Will Writing: The Dangers Of Free Will Templates, DIY, & Unqualified Drafters

According to the Legal Ombudsman’s recent ‘Complaints in Focus’ report, Wills & Probate is currently the third most complained about area of law, making up around 13% of the 8,000 complaints resolved by the Legal Ombudsman last year.

As this area of law often sees people using legal services during an emotional time in their lives (being terminally ill or having lost a loved one for example) the importance of getting things right, and of being sensitive to the circumstances could not be higher for service providers. 

Data from the Chancery Division shows there were 368 claims lodged for breach of fiduciary duty in 2013, up from 107 on the previous 12 months. The claims range from theft of assets by the executor to fraudulent distribution of assets to favour certain beneficiaries of the will above others.

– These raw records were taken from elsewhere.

lemma sum_diag_amplitude_le_max_add_mismatch_weight:
  assumes sep: "separable_on ({..<\<kappa>} \<times> {..<R}) {..<\<kappa>} (rhoBC R psi)"
    and "w < R" "cs < \<kappa>" and max: "\<forall>c<\<kappa>. cmod (psi w c w c) \<le> cmod (psi w cs w cs)"
  shows "(\<Sum>c<\<kappa>. (cmod (psi w c w c))\<^sup>2)
    \<le> (cmod (psi w cs w cs))\<^sup>2 + (real \<kappa> - 1) / 2 * mismatch_weight R \<kappa> psi w"
proof -
  have "(cmod (psi w c w c))\<^sup>2 \<le> mismatch_weight R \<kappa> psi w / 2" if "c \<in> {..<\<kappa>} - {cs}" for c
  proof -
    have "(cmod (psi w c w c))\<^sup>2 \<le> cmod (psi w c w c) * cmod (psi w cs w cs)"
      using max that by (simp add: power2_eq_square mult_left_mono)
    also have "\<dots> \<le> mismatch_weight R \<kappa> psi w / 2"
      using diag_amplitude_mult_le_mismatch_weight[OF sep \<open>w < R\<close>] that \<open>cs < \<kappa>\<close> by auto
    finally show ?thesis .
  qed
  then have "(\<Sum>c\<in>{..<\<kappa>} - {cs}. (cmod (psi w c w c))\<^sup>2)
      \<le> real (card ({..<\<kappa>} - {cs})) * (mismatch_weight R \<kappa> psi w / 2)"
    by (rule sum_bounded_above)
  moreover have "(\<Sum>c<\<kappa>. (cmod (psi w c w c))\<^sup>2)
      = (cmod (psi w cs w cs))\<^sup>2 + (\<Sum>c\<in>{..<\<kappa>} - {cs}. (cmod (psi w c w c))\<^sup>2)"
    using \<open>cs < \<kappa>\<close> by (simp add: sum.remove)
  ultimately show ?thesis
    using \<open>cs < \<kappa>\<close> by (simp add: of_nat_diff)
qed

lemma matchcheck_prob_le_max_diag_weight:
  assumes "is_state4 R \<kappa> psi" and sep: "separable_on ({..<\<kappa>} \<times> {..<R}) {..<\<kappa>} (rhoBC R psi)"
    and cv: "\<forall>w<R. cv w < \<kappa> \<and> (\<forall>c<\<kappa>. cmod (psi w c w c) \<le> cmod (psi w (cv w) w (cv w)))"
  shows "matchcheck_prob R \<kappa> psi - (real \<kappa> - 1) / 2 * (1 - matchcheck_prob R \<kappa> psi)
    \<le> (\<Sum>w<R. (cmod (psi w (cv w) w (cv w)))\<^sup>2)"
proof -
  have mismatch: "(\<Sum>w<R. mismatch_weight R \<kappa> psi w) = 1 - matchcheck_prob R \<kappa> psi"
    using matchcheck_prob_add_mismatch_weight[OF assms(1)] by simp
  have "matchcheck_prob R \<kappa> psi = (\<Sum>w<R. \<Sum>c<\<kappa>. (cmod (psi w c w c))\<^sup>2)"
    by (simp add: matchcheck_prob_def)
  also have "\<dots> \<le> (\<Sum>w<R. (cmod (psi w (cv w) w (cv w)))\<^sup>2 + (real \<kappa> - 1) / 2 * mismatch_weight R \<kappa> psi w)"
    using cv by (intro sum_mono sum_diag_amplitude_le_max_add_mismatch_weight[OF sep]) auto
  also have "\<dots> = (\<Sum>w<R. (cmod (psi w (cv w) w (cv w)))\<^sup>2) + (real \<kappa> - 1) / 2 * (1 - matchcheck_prob R \<kappa> psi)"
    by (simp only: sum.distrib sum_distrib_left[symmetric] mismatch)
  finally show ?thesis by simp
qed

definition quasirigid_state :: "(nat \<Rightarrow> nat) \<Rightarrow> (nat \<Rightarrow> complex) \<Rightarrow> nat \<Rightarrow> nat \<Rightarrow> nat \<Rightarrow> nat \<Rightarrow> complex" where
  "quasirigid_state cv \<alpha> = (\<lambda>v c w d. if c = cv v \<and> w = v \<and> d = cv v then \<alpha> v else 0)"

lemma quasirigid_after_cnot_quasirigid_state:
  "\<forall>v<R. cv v < \<kappa> \<Longrightarrow> quasirigid_after_cnot R \<kappa> (quasirigid_state cv \<alpha>)"
  unfolding quasirigid_after_cnot_def quasirigid_state_def by blast

lemma is_state4_quasirigid_state_iff:
  assumes "\<forall>v<R. cv v < \<kappa>"
  shows "is_state4 R \<kappa> (quasirigid_state cv \<alpha>) \<longleftrightarrow> (\<Sum>v<R. (cmod (\<alpha> v))\<^sup>2) = 1"
proof -
  have "(cmod (quasirigid_state cv \<alpha> v c w d))\<^sup>2
      = (if c = cv v \<and> w = v \<and> d = cv v then (cmod (\<alpha> v))\<^sup>2 else 0)" for v c w d
    by (simp add: quasirigid_state_def)
  moreover have "(\<Sum>c<\<kappa>. \<Sum>w<R. \<Sum>d<\<kappa>. if c = cv v \<and> w = v \<and> d = cv v then (cmod (\<alpha> v))\<^sup>2 else 0)
      = (cmod (\<alpha> v))\<^sup>2" if "v < R" for v
    using assms that by (intro sum_if_eq_triple) auto
  ultimately show ?thesis
    unfolding is_state4_def by simp
qed

lemma inner4_quasirigid_state:
  assumes "\<forall>v<R. cv v < \<kappa>"
  shows "inner4 R \<kappa> (quasirigid_state cv \<alpha>) psi = (\<Sum>v<R. cnj (\<alpha> v) * psi v (cv v) v (cv v))"
proof -
  have "cnj (quasirigid_state cv \<alpha> v c w d) * psi v c w d
      = (if c = cv v \<and> w = v \<and> d = cv v then cnj (\<alpha> v) * psi v c w d else 0)" for v c w d
    by (simp add: quasirigid_state_def)
  moreover have "(\<Sum>c<\<kappa>. \<Sum>w<R. \<Sum>d<\<kappa>. if c = cv v \<and> w = v \<and> d = cv v then cnj (\<alpha> v) * psi v c w d else 0)
      = cnj (\<alpha> v) * psi v (cv v) v (cv v)" if "v < R" for v
    using assms that by (intro sum_if_eq_triple) auto
  ultimately show ?thesis
    unfolding inner4_def by simp
qed

lemma exists_quasirigid_state_overlap_ge:
  assumes "R \<ge> 1" "\<forall>v<R. cv v < \<kappa>"
  shows "\<exists>phi. is_state4 R \<kappa> phi \<and> quasirigid_after_cnot R \<kappa> phi \<and>
    (\<Sum>v<R. (cmod (psi v (cv v) v (cv v)))\<^sup>2) \<le> (cmod (inner4 R \<kappa> phi psi))\<^sup>2"
proof -
  obtain \<alpha> where "(\<Sum>v<R. (cmod (\<alpha> v))\<^sup>2) = 1"
    and "(\<Sum>v<R. (cmod (psi v (cv v) v (cv v)))\<^sup>2) \<le> (cmod (\<Sum>v<R. cnj (\<alpha> v) * psi v (cv v) v (cv v)))\<^sup>2"
    using exists_unit_vector_inner_ge[OF assms(1), of "\<lambda>v. psi v (cv v) v (cv v)"] by blast
  with assms(2) show ?thesis
    by (intro exI[of _ "quasirigid_state cv \<alpha>"] conjI)
      (simp_all only: is_state4_quasirigid_state_iff quasirigid_after_cnot_quasirigid_state inner4_quasirigid_state)
qed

So why might this be the case? The Chairman of the Law Society’s wills and equity committee, Richard Roberts, said the risk of mismanagement increases as more and more people execute estate distribution themselves, saying; ”Many wrongly perceive the task to be simpler than it is” he said.

It’s evident that more people are asking Google ‘how to make a Will’, downloading free Will templates, or employing unqualified, unregulated, and uninsured people to draft these vital documents for them.

Our Will solicitors have outlined some issues that can arise out of making your own Will, or employing a non-lawyer to write it for you.

The most common dispute we see arising from poorly drafted Wills or trusts are between family members. Remember, if you write your own Will you run the risk of family members misinterpreting your final wishes and your estate being distributed incorrectly. We have also seen cases where home-made wills have split the estate into percentages but there have been errors in calculation, meaning the entire estate is not disposed of.  Ultimately, misinterpretations can lead to disagreements.

It’s also the case that where alternative dispute resolution techniques fail to resolve such conflicts they can escalate into civil litigation cases in the family court, which can be extremely expensive and drawn-out.

At Else we charge just £200+vat for a single Will and £350+vat for a pair of Wills for a couple where matters are straightforward. This is a small price to pay when you realise a dispute resolution solicitor’s hourly rate can be as much as £250+vat per hour and the costs of litigation can easily run into tens of thousands of pounds.

Finally, although it is legal for non-lawyer Will-writers to practice (and there are some very experienced professionals out there if you research properly), ultimately they are not subject to the same regulations as Will solicitors and may not be covered by appropriate professional indemnity insurance.

While these are preferable to the ‘home-made’ Wills that are becoming more regular, we would advise ensuring that whoever writes your Will is subject to proper regulatory scrutiny and appropriate experience.